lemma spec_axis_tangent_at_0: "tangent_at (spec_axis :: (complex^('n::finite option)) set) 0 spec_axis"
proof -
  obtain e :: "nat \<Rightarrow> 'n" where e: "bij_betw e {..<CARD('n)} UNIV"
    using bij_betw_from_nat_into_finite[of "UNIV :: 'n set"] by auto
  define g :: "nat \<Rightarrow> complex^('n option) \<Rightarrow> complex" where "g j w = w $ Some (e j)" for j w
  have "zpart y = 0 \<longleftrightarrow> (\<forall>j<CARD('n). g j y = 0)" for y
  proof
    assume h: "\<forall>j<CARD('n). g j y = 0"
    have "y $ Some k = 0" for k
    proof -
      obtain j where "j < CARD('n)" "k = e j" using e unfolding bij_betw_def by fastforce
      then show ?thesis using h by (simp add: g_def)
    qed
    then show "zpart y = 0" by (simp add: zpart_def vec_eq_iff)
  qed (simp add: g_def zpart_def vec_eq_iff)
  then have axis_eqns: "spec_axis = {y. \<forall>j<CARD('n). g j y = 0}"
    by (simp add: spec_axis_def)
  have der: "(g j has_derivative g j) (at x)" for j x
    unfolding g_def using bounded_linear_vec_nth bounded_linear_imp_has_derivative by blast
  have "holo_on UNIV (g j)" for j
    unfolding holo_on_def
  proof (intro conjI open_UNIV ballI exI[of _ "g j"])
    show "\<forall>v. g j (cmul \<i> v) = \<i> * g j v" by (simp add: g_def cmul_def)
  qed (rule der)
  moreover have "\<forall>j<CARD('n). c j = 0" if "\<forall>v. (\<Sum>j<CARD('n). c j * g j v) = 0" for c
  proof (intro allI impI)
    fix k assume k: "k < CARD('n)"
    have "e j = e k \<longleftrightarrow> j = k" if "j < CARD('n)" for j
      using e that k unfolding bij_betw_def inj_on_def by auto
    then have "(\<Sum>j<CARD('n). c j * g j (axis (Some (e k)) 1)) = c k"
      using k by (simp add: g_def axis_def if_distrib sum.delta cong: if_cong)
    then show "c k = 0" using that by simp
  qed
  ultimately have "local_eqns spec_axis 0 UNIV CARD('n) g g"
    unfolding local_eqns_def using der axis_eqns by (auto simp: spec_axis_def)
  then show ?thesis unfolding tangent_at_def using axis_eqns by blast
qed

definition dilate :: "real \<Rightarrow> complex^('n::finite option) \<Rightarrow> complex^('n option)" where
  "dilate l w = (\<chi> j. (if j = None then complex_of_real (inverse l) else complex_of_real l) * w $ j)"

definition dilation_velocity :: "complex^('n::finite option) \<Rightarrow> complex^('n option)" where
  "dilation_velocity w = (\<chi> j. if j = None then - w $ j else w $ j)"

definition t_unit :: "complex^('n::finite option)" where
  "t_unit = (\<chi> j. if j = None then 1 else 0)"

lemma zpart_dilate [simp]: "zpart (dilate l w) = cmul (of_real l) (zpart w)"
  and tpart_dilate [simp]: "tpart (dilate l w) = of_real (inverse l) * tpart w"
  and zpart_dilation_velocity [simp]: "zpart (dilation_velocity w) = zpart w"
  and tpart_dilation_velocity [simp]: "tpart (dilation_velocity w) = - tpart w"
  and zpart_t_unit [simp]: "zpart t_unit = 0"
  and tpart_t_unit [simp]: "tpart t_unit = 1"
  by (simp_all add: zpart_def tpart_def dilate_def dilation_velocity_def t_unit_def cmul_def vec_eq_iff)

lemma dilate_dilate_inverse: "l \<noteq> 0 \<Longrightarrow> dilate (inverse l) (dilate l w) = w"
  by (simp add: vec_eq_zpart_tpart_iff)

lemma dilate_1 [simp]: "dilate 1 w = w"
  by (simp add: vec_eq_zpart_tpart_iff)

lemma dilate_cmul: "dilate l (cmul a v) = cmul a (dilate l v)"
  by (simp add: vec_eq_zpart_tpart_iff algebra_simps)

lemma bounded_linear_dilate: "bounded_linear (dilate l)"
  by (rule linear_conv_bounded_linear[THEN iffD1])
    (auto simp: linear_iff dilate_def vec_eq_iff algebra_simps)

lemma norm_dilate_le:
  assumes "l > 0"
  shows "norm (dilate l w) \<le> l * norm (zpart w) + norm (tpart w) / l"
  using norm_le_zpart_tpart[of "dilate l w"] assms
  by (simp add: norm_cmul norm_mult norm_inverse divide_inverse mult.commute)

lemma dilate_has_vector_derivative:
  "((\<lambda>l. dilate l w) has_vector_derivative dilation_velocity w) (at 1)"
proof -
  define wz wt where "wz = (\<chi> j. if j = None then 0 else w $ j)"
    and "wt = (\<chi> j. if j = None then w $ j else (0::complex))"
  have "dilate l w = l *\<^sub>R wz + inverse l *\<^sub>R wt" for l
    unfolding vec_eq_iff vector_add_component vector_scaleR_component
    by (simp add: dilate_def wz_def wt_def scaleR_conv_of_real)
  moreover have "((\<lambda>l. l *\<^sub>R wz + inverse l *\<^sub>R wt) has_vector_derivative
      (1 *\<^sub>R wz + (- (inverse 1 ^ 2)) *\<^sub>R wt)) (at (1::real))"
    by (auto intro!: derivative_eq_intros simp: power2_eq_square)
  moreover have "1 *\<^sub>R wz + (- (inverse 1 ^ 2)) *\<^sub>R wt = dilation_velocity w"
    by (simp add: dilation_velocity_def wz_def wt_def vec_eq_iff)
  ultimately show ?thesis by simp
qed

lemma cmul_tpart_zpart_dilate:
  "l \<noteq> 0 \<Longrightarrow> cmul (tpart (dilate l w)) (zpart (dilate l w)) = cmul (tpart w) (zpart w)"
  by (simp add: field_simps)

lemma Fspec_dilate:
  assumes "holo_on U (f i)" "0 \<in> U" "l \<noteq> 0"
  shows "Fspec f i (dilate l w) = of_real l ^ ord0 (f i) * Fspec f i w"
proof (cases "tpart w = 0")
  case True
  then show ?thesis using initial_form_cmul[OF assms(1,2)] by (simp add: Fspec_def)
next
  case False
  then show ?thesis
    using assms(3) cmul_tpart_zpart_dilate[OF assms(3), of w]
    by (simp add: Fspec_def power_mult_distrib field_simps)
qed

········

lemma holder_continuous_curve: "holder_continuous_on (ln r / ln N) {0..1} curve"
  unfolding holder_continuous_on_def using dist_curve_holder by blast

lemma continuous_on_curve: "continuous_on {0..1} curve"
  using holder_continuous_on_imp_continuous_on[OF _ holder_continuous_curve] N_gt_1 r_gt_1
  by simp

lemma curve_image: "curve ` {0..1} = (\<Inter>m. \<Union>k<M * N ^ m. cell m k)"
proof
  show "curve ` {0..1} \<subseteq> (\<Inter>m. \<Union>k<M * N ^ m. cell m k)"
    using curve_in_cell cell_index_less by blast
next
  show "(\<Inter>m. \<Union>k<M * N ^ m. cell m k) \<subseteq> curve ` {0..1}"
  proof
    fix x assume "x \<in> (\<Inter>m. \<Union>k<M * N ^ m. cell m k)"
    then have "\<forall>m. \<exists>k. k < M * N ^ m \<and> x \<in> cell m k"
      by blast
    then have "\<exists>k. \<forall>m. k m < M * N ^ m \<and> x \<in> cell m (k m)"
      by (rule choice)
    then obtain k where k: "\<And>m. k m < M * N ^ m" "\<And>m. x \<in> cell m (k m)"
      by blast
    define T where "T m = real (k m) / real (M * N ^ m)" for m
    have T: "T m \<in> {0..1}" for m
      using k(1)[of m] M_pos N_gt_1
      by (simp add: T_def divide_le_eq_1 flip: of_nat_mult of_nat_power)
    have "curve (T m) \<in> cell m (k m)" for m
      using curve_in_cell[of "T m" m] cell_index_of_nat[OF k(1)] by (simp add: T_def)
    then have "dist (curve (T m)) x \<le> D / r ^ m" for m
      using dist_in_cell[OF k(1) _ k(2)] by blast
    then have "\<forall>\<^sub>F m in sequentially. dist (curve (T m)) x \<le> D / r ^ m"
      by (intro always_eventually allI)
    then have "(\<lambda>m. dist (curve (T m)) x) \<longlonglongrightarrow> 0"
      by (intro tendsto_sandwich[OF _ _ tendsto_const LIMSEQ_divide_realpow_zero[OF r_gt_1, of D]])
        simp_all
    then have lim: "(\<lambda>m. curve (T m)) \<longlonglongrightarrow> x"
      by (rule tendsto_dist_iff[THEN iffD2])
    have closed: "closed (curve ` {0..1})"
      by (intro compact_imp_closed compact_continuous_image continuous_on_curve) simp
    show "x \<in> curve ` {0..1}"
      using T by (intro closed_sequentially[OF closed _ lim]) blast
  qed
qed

········

- TASK BRIEF -
In the records above, which lines hold the string "rule"? Copy each one.

- WRITTEN SOLUTION -
  qed (rule der)
  by (rule linear_conv_bounded_linear[THEN iffD1])
      by (rule choice)
      by (rule tendsto_dist_iff[THEN iffD2])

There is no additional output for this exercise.